◆ **TASK INSTRUCTIONS**: What is needed is an exact copy of the line with "nat \<Rightarrow> 'x \<Rightarrow> 'y)" and all lines that follow it in the entries below, the last line included.

☆ ☆ ☆ ☆ ☆

(* Consider the TVFJ dynamics described in the context, and suppose the system is asymptotically stable. Let $\mathbf x_0\in[0,1]^n$ and let $\omega(\mathbf x_0)$ be the $\omega$-limit set of the trajectory with $\mathbf x[0]=\mathbf x_0$. Then for every $\mathbf x^*\in\omega(\mathbf x_0)$ and every $i$, \[ \min_j s_j\le x_i^*\le\max_j s_j . \]
   Context: There are $n$ agents with opinions $\mathbf x[t]$ and innate opinions $\mathbf s\in[0,1]^n$, evolving by $\mathbf x[t+1]=\Lambda[t]W[t]\mathbf x[t]+(I-\Lambda[t])\mathbf s$, with $W[t]$ row-stochastic and $\Lambda[t]=\mathrm{diag}(\lambda_1[t],\dots,\lambda_n[t])$, $\lambda_i[t]\in[0,1]$. Standing assumptions: $\lambda_i[t]=0$ iff $w_{ij}[t]=0$ for all $j$; there is no $\tau$ with $\Lambda[\tau]=0$. The state transition matrix is $\Phi(t,\tau)=\Lambda[t-1]W[t-1]\cdots\Lambda[\tau]W[\tau]$ for $t>\tau$, $\Phi(\tau,\tau)=I$. The system is asymptotically stable if $\lim_{t\to\infty}\|\Phi(t,\tau)\|=0$ for all $\tau\ge0$, where $\|A\|:=\max_i\sum_j|a_{ij}|$. The $\omega$-limit set is $\omega(\mathbf x_0)=\{\mathbf y:\exists\,t_k\to\infty,\ \mathbf x[t_k]\to\mathbf y\}$. *)

theory Defs
  imports "HOL-Analysis.Analysis"
begin

text \<open>Agents are indexed by a finite type 'n. W t is the matrix W[t],
  lam t is the diagonal of Lambda[t].\<close>

definition row_stochastic :: "real^'n^'n \<Rightarrow> bool" where
  "row_stochastic A \<longleftrightarrow> (\<forall>i j. A $ i $ j \<ge> 0) \<and> (\<forall>i. (\<Sum>j\<in>UNIV. A $ i $ j) = 1)"

definition diagm :: "real^'n \<Rightarrow> real^'n^'n" where
  "diagm l = (\<chi> i j. if i = j then l $ i else 0)"

definition mat_inf_norm :: "real^'n^'n \<Rightarrow> real" where
  "mat_inf_norm A = Max (range (\<lambda>i. \<Sum>j\<in>UNIV. \<bar>A $ i $ j\<bar>))"

definition tvfj_admissible :: "(nat \<Rightarrow> real^'n^'n) \<Rightarrow> (nat \<Rightarrow> real^'n) \<Rightarrow> bool" where
  "tvfj_admissible W lam \<longleftrightarrow>
     (\<forall>t. row_stochastic (W t)) \<and>
     (\<forall>t i. 0 \<le> lam t $ i \<and> lam t $ i \<le> 1) \<and>
     (\<forall>t i. lam t $ i = 0 \<longleftrightarrow> (\<forall>j. W t $ i $ j = 0)) \<and>
     (\<forall>t. diagm (lam t) \<noteq> 0)"

fun Phi_from :: "(nat \<Rightarrow> real^'n^'n) \<Rightarrow> (nat \<Rightarrow> real^'n) \<Rightarrow> nat \<Rightarrow> nat \<Rightarrow> real^'n^'n" where
  "Phi_from W lam tau 0 = mat 1"
| "Phi_from W lam tau (Suc k) = (diagm (lam (tau + k)) ** W (tau + k)) ** Phi_from W lam tau k"

definition Phi :: "(nat \<Rightarrow> real^'n^'n) \<Rightarrow> (nat \<Rightarrow> real^'n) \<Rightarrow> nat \<Rightarrow> nat \<Rightarrow> real^'n^'n" where
  "Phi W lam t tau = Phi_from W lam tau (t - tau)"

definition asymp_stable :: "(nat \<Rightarrow> real^'n^'n) \<Rightarrow> (nat \<Rightarrow> real^'n) \<Rightarrow> bool" where
  "asymp_stable W lam \<longleftrightarrow> (\<forall>tau. ((\<lambda>t. mat_inf_norm (Phi W lam t tau)) \<longlongrightarrow> 0) sequentially)"

fun traj :: "(nat \<Rightarrow> real^'n^'n) \<Rightarrow> (nat \<Rightarrow> real^'n) \<Rightarrow> real^'n \<Rightarrow> real^'n \<Rightarrow> nat \<Rightarrow> real^'n" where
  "traj W lam s x0 0 = x0"
| "traj W lam s x0 (Suc t) =
     (diagm (lam t) ** W t) *v traj W lam s x0 t + (mat 1 - diagm (lam t)) *v s"

definition omega_limit :: "(nat \<Rightarrow> 'a::topological_space) \<Rightarrow> 'a set" where
  "omega_limit x = {y. \<exists>r. strict_mono r \<and> (x \<circ> r) \<longlonglongrightarrow> y}"

end

theory Submission
  imports Defs
begin

text \<open>Let M = max s. The deviation x[t] - M evolves by the nonnegative matrices Lambda[t] W[t]
  plus the nonpositive input (I - Lambda[t]) (s - M), so it is dominated componentwise by
  Phi(t,0) (x[0] - M). As x[0] - M \<le> 1, this is at most the row sums of Phi(t,0), hence at
  most its norm. Asymptotic stability sends this bound to 0 along the whole trajectory, so every limit
  point lies below M. The lower bound is the same argument applied to -s and -x[0].\<close>

definition row_sum :: "real^'n^'n \<Rightarrow> 'n \<Rightarrow> real" where
  "row_sum A i = (\<Sum>k\<in>UNIV. A $ i $ k)"

lemma row_sum_mat_1 [simp]: "row_sum (mat 1) i = 1"
  by (simp add: row_sum_def mat_def sum.delta)

lemma row_sum_le_mat_inf_norm: "row_sum A i \<le> mat_inf_norm A"
proof -
  have "row_sum A i \<le> (\<Sum>j\<in>UNIV. \<bar>A $ i $ j\<bar>)"
    unfolding row_sum_def by (rule sum_mono) simp
  also have "\<dots> \<le> mat_inf_norm A"
    unfolding mat_inf_norm_def by (rule Max_ge) auto
  finally show ?thesis .
qed

lemma diagm_matrix_mult_nth: "(diagm l ** A) $ i $ j = l $ i * A $ i $ j"
  unfolding matrix_matrix_mult_def diagm_def
  by (simp add: if_distrib[of "\<lambda>x. x * y" for y] sum.delta cong: if_cong)

lemma diagm_complement_mult_vec_nth: "((mat 1 - diagm l) *v s) $ i = (1 - l $ i) * s $ i"
proof -
  have "(mat 1 - diagm l) $ i $ j = (if i = j then 1 - l $ i else 0)" for j
    by (simp add: mat_def diagm_def)
  then show ?thesis
    by (simp add: matrix_vector_mult_def if_distrib[of "\<lambda>x. x * y" for y] sum.delta cong: if_cong)
qed

lemma row_sum_diagm_mult:
  "row_sum ((diagm l ** A) ** P) i = (\<Sum>j\<in>UNIV. l $ i * A $ i $ j * row_sum P j)"
proof -
  have "row_sum ((diagm l ** A) ** P) i = (\<Sum>k\<in>UNIV. \<Sum>j\<in>UNIV. l $ i * A $ i $ j * P $ j $ k)"
    by (simp add: row_sum_def matrix_matrix_mult_def[of "diagm l ** A"] diagm_matrix_mult_nth)
  also have "\<dots> = (\<Sum>j\<in>UNIV. l $ i * A $ i $ j * row_sum P j)"
    unfolding row_sum_def by (subst sum.swap) (simp add: sum_distrib_left)
  finally show ?thesis .
qed

lemma traj_Suc_nth:
  "traj W lam s x0 (Suc t) $ i =
     (\<Sum>j\<in>UNIV. lam t $ i * W t $ i $ j * traj W lam s x0 t $ j) + (1 - lam t $ i) * s $ i"
  by (simp add: diagm_complement_mult_vec_nth diagm_matrix_mult_nth
      matrix_vector_mult_def[of "diagm (lam t) ** W t"])

lemma traj_uminus: "traj W lam (- s) (- x0) t = - traj W lam s x0 t"
proof (induction t)
  case (Suc t)
  show ?case
    by (simp add: vec_eq_iff traj_Suc_nth Suc sum_negf del: traj.simps(2))
qed simp

lemma traj_le_bound_plus_row_sum:
  assumes stoch: "\<And>t. row_stochastic (W t)"
    and lam_nonneg: "\<And>t j. 0 \<le> lam t $ j" and lam_le_1: "\<And>t j. lam t $ j \<le> 1"
    and s_le: "\<And>j. s $ j \<le> M"
    and x0_le: "\<And>j. x0 $ j - M \<le> c"
  shows "traj W lam s x0 t $ i \<le> M + c * row_sum (Phi_from W lam 0 t) i"
proof (induction t arbitrary: i)
  case 0
  show ?case using x0_le[of i] by simp
next
  case (Suc t)
  let ?a = "\<lambda>j. lam t $ i * W t $ i $ j"
  have a_nonneg: "?a j \<ge> 0" for j
    using stoch lam_nonneg unfolding row_stochastic_def by simp
  have "(\<Sum>j\<in>UNIV. ?a j * M) = lam t $ i * (\<Sum>j\<in>UNIV. W t $ i $ j) * M"
    by (simp add: sum_distrib_left sum_distrib_right)
  then have a_sum: "(\<Sum>j\<in>UNIV. ?a j * M) = lam t $ i * M"
    using stoch unfolding row_stochastic_def by simp
  have "traj W lam s x0 (Suc t) $ i - M =
      (\<Sum>j\<in>UNIV. ?a j * (traj W lam s x0 t $ j - M)) + (1 - lam t $ i) * (s $ i - M)"
    by (simp add: traj_Suc_nth right_diff_distrib left_diff_distrib sum_subtractf a_sum
        del: traj.simps(2))
  also have "\<dots> \<le> (\<Sum>j\<in>UNIV. ?a j * (c * row_sum (Phi_from W lam 0 t) j))"
  proof -
    have "(1 - lam t $ i) * (s $ i - M) \<le> 0"
      using lam_le_1 s_le by (simp add: mult_nonneg_nonpos)
    moreover have "(\<Sum>j\<in>UNIV. ?a j * (traj W lam s x0 t $ j - M))
        \<le> (\<Sum>j\<in>UNIV. ?a j * (c * row_sum (Phi_from W lam 0 t) j))"
      using Suc.IH a_nonneg by (intro sum_mono mult_left_mono) (auto simp: algebra_simps)
    ultimately show ?thesis by linarith
  qed
  also have "\<dots> = c * row_sum (Phi_from W lam 0 (Suc t)) i"
    by (simp add: row_sum_diagm_mult sum_distrib_left mult_ac)
  finally show ?case by simp
qed

lemma traj_ge_bound_minus_row_sum:
  assumes "\<And>t. row_stochastic (W t)"
    and "\<And>t j. 0 \<le> lam t $ j" and "\<And>t j. lam t $ j \<le> 1"
    and "\<And>j. m \<le> s $ j"
    and "\<And>j. m - x0 $ j \<le> c"
  shows "m - c * row_sum (Phi_from W lam 0 t) i \<le> traj W lam s x0 t $ i"
proof -
  have "traj W lam (- s) (- x0) t $ i \<le> - m + c * row_sum (Phi_from W lam 0 t) i"
    using assms by (intro traj_le_bound_plus_row_sum) auto
  then show ?thesis
    by (simp add: traj_uminus)
qed

lemma omega_limit_vec_nth:
  assumes "y \<in> omega_limit x"
  shows "y $ i \<in> omega_limit (\<lambda>t. x t $ i)"
  using assms tendsto_vec_nth unfolding omega_limit_def by (fastforce simp: o_def)

lemma omega_limit_le:
  fixes x f :: "nat \<Rightarrow> 'a::linorder_topology"
  assumes "y \<in> omega_limit x" and "\<And>t. x t \<le> f t" and "f \<longlonglongrightarrow> L"
  shows "y \<le> L"
proof -
  obtain r where "strict_mono r" and "(x \<circ> r) \<longlonglongrightarrow> y"
    using assms(1) unfolding omega_limit_def by blast
  moreover have "(f \<circ> r) \<longlonglongrightarrow> L"
    using LIMSEQ_subseq_LIMSEQ[OF assms(3) \<open>strict_mono r\<close>] .
  ultimately show ?thesis
    using assms(2) by (intro tendsto_le[of sequentially "f \<circ> r" L "x \<circ> r" y]) auto
qed

lemma omega_limit_ge:
  fixes x f :: "nat \<Rightarrow> 'a::linorder_topology"
  assumes "y \<in> omega_limit x" and "\<And>t. f t \<le> x t" and "f \<longlonglongrightarrow> L"
  shows "L \<le> y"
proof -
  obtain r where "strict_mono r" and "(x \<circ> r) \<longlonglongrightarrow> y"
    using assms(1) unfolding omega_limit_def by blast
  moreover have "(f \<circ> r) \<longlonglongrightarrow> L"
    using LIMSEQ_subseq_LIMSEQ[OF assms(3) \<open>strict_mono r\<close>] .
  ultimately show ?thesis
    using assms(2) by (intro tendsto_le[of sequentially "x \<circ> r" y "f \<circ> r" L]) auto
qed

theorem corollary2:
  fixes W :: "nat \<Rightarrow> real^'n^'n" and lam :: "nat \<Rightarrow> real^'n"
    and s x0 xstar :: "real^'n"
  assumes "tvfj_admissible W lam"
    and "\<forall>i. 0 \<le> s $ i \<and> s $ i \<le> 1"
    and "asymp_stable W lam"
    and "\<forall>i. 0 \<le> x0 $ i \<and> x0 $ i \<le> 1"
    and "xstar \<in> omega_limit (traj W lam s x0)"
  shows "\<forall>i. Min (range (\<lambda>j. s $ j)) \<le> xstar $ i \<and> xstar $ i \<le> Max (range (\<lambda>j. s $ j))"
proof (intro allI conjI)
  fix i
  define m where "m = Min (range (\<lambda>j. s $ j))"
  define M where "M = Max (range (\<lambda>j. s $ j))"
  define \<epsilon> where "\<epsilon> = (\<lambda>t. mat_inf_norm (Phi_from W lam 0 t))"
  have stoch: "row_stochastic (W t)" and lam_bounds: "0 \<le> lam t $ j" "lam t $ j \<le> 1" for t j
    using assms(1) unfolding tvfj_admissible_def by auto
  have m_le: "m \<le> s $ j" and le_M: "s $ j \<le> M" for j
    unfolding m_def M_def by auto
  have m_x0: "m - x0 $ j \<le> 1" and x0_M: "x0 $ j - M \<le> 1" for j
    using m_le[of j] le_M[of j] assms(2,4)[rule_format, of j] by linarith+
  have "\<epsilon> \<longlonglongrightarrow> 0"
    using assms(3) unfolding asymp_stable_def Phi_def \<epsilon>_def by (auto dest: spec[of _ 0])
  have xstar_i: "xstar $ i \<in> omega_limit (\<lambda>t. traj W lam s x0 t $ i)"
    using assms(5) by (rule omega_limit_vec_nth)
  have "traj W lam s x0 t $ i \<le> M + \<epsilon> t" for t
    using stoch lam_bounds le_M x0_M row_sum_le_mat_inf_norm[of "Phi_from W lam 0 t" i]
      traj_le_bound_plus_row_sum[of W lam s M x0 1 t i]
    unfolding \<epsilon>_def by simp
  moreover have "(\<lambda>t. M + \<epsilon> t) \<longlonglongrightarrow> M"
    using tendsto_add[OF tendsto_const \<open>\<epsilon> \<longlonglongrightarrow> 0\<close>] by simp
  ultimately show "xstar $ i \<le> Max (range (\<lambda>j. s $ j))"
    unfolding M_def by (rule omega_limit_le[OF xstar_i])
  have "m - \<epsilon> t \<le> traj W lam s x0 t $ i" for t
    using stoch lam_bounds m_le m_x0 row_sum_le_mat_inf_norm[of "Phi_from W lam 0 t" i]
      traj_ge_bound_minus_row_sum[of W lam m s x0 1 t i]
    unfolding \<epsilon>_def by simp
  moreover have "(\<lambda>t. m - \<epsilon> t) \<longlonglongrightarrow> m"
    using tendsto_diff[OF tendsto_const \<open>\<epsilon> \<longlonglongrightarrow> 0\<close>] by simp
  ultimately show "Min (range (\<lambda>j. s $ j)) \<le> xstar $ i"
    unfolding m_def by (rule omega_limit_ge[OF xstar_i])
qed

end
lemma mod_eq_if_grp_iso_dpow:
  fixes sm :: "'x::ab_group_add \<Rightarrow> 'a::ring_1 \<Rightarrow> 'x" and rho sigma :: "nat \<Rightarrow> 'a"
  assumes sm: "right_module sm" and L: "leavitt_relations r rho sigma" and r: "0 < r"
    and distinct: "\<forall>l n. 1 \<le> l \<longrightarrow> l < n \<longrightarrow> n \<le> r \<longrightarrow> \<not> grp_iso (dpow l :: (nat \<Rightarrow> 'x) set) (dpow n)"
    and "0 < m" and "0 < k" and iso: "grp_iso (dpow m :: (nat \<Rightarrow> 'x) set) (dpow k)"
  shows "m mod r = k mod r"
proof -
  define m' k' where "m' = (m - 1) mod r + 1" and "k' = (k - 1) mod r + 1"
  have bounds: "1 \<le> m'" "m' \<le> r" "1 \<le> k'" "k' \<le> r"
    using r by (simp_all add: m'_def k'_def Suc_le_eq)
  have mods: "m mod r = m' mod r" "k mod r = k' mod r"
    using \<open>0 < m\<close> \<open>0 < k\<close> by (simp_all add: m'_def k'_def mod_Suc_eq)
  have "grp_iso (dpow m' :: (nat \<Rightarrow> 'x) set) (dpow m)" "grp_iso (dpow k :: (nat \<Rightarrow> 'x) set) (dpow k')"
    using bounds mods \<open>0 < m\<close> \<open>0 < k\<close> by (auto intro: grp_iso_dpow_if_mod_eq[OF sm L])
  then have "grp_iso (dpow m' :: (nat \<Rightarrow> 'x) set) (dpow k')"
    using grp_iso_trans iso by blast
  then have "m' = k'"
    using bounds distinct grp_iso_dpow_sym by (metis linorder_neqE_nat)
  then show ?thesis
    using mods by simp
qed

section \<open>Isomorphisms of direct powers as matrices over the endomorphism ring\<close>

definition dsum_inj :: "nat \<Rightarrow> 'x::zero \<Rightarrow> nat \<Rightarrow> 'x"
  where "dsum_inj i x = (\<lambda>l. if l = i then x else 0)"

lemma dsum_inj_in_dpow: "i < n \<Longrightarrow> dsum_inj i x \<in> dpow n"
  by (simp add: dsum_inj_def dpow_def)

lemma dpow_eq_sum_dsum_inj: "u \<in> dpow n \<Longrightarrow> u = (\<lambda>l. \<Sum>j<n. dsum_inj j (u j) l)"
  by (auto simp: dsum_inj_def dpow_def fun_eq_iff not_less)

lemma additive_dsum_inj_component:
  fixes \<phi> :: "(nat \<Rightarrow> 'x::ab_group_add) \<Rightarrow> nat \<Rightarrow> 'y::ab_group_add"
  assumes "additive_on (dpow m) \<phi>" and "i < m"
  shows "additive (\<lambda>x. \<phi> (dsum_inj i x) j)"
  unfolding additive_def
proof (intro allI)
  fix x y :: 'x
  have "dsum_inj i (x + y) = (\<lambda>l. dsum_inj i x l + dsum_inj i y l)"
    by (simp add: dsum_inj_def fun_eq_iff)
  moreover have "\<phi> (\<lambda>l. dsum_inj i x l + dsum_inj i y l) = (\<lambda>l. \<phi> (dsum_inj i x) l + \<phi> (dsum_inj i y) l)"
    using assms(1)[unfolded additive_on_def, rule_format, OF dsum_inj_in_dpow[OF assms(2)] dsum_inj_in_dpow[OF assms(2)]] .
  ultimately show "\<phi> (dsum_inj i (x + y)) j = \<phi> (dsum_inj i x) j + \<phi> (dsum_inj i y) j"
    by simp
qed

text \<open>Endomorphisms compose as in end_eval (first F i j, then G j i'), so this is the matrix
  identity F G = 1 over End(M).\<close>

definition end_mat_prod_is_id :: "nat \<Rightarrow> nat \<Rightarrow> (nat \<Rightarrow> nat \<Rightarrow> 'x \<Rightarrow> 'y)
    \<Rightarrow> (nat \<Rightarrow> nat \<Rightarrow> 'y \<Rightarrow> 'x::ab_group_add) \<Rightarrow> bool"
  where "end_mat_prod_is_id m k F G \<longleftrightarrow>
    (\<forall>i<m. \<forall>i'<m. \<forall>x. (\<Sum>j<k. G j i' (F i j x)) = (if i = i' then x else 0))"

☆ ☆ ☆ ☆ ☆

◆ **SOLUTION**:
definition end_mat_prod_is_id :: "nat \<Rightarrow> nat \<Rightarrow> (nat \<Rightarrow> nat \<Rightarrow> 'x \<Rightarrow> 'y)
    \<Rightarrow> (nat \<Rightarrow> nat \<Rightarrow> 'y \<Rightarrow> 'x::ab_group_add) \<Rightarrow> bool"
  where "end_mat_prod_is_id m k F G \<longleftrightarrow>
    (\<forall>i<m. \<forall>i'<m. \<forall>x. (\<Sum>j<k. G j i' (F i j x)) = (if i = i' then x else 0))"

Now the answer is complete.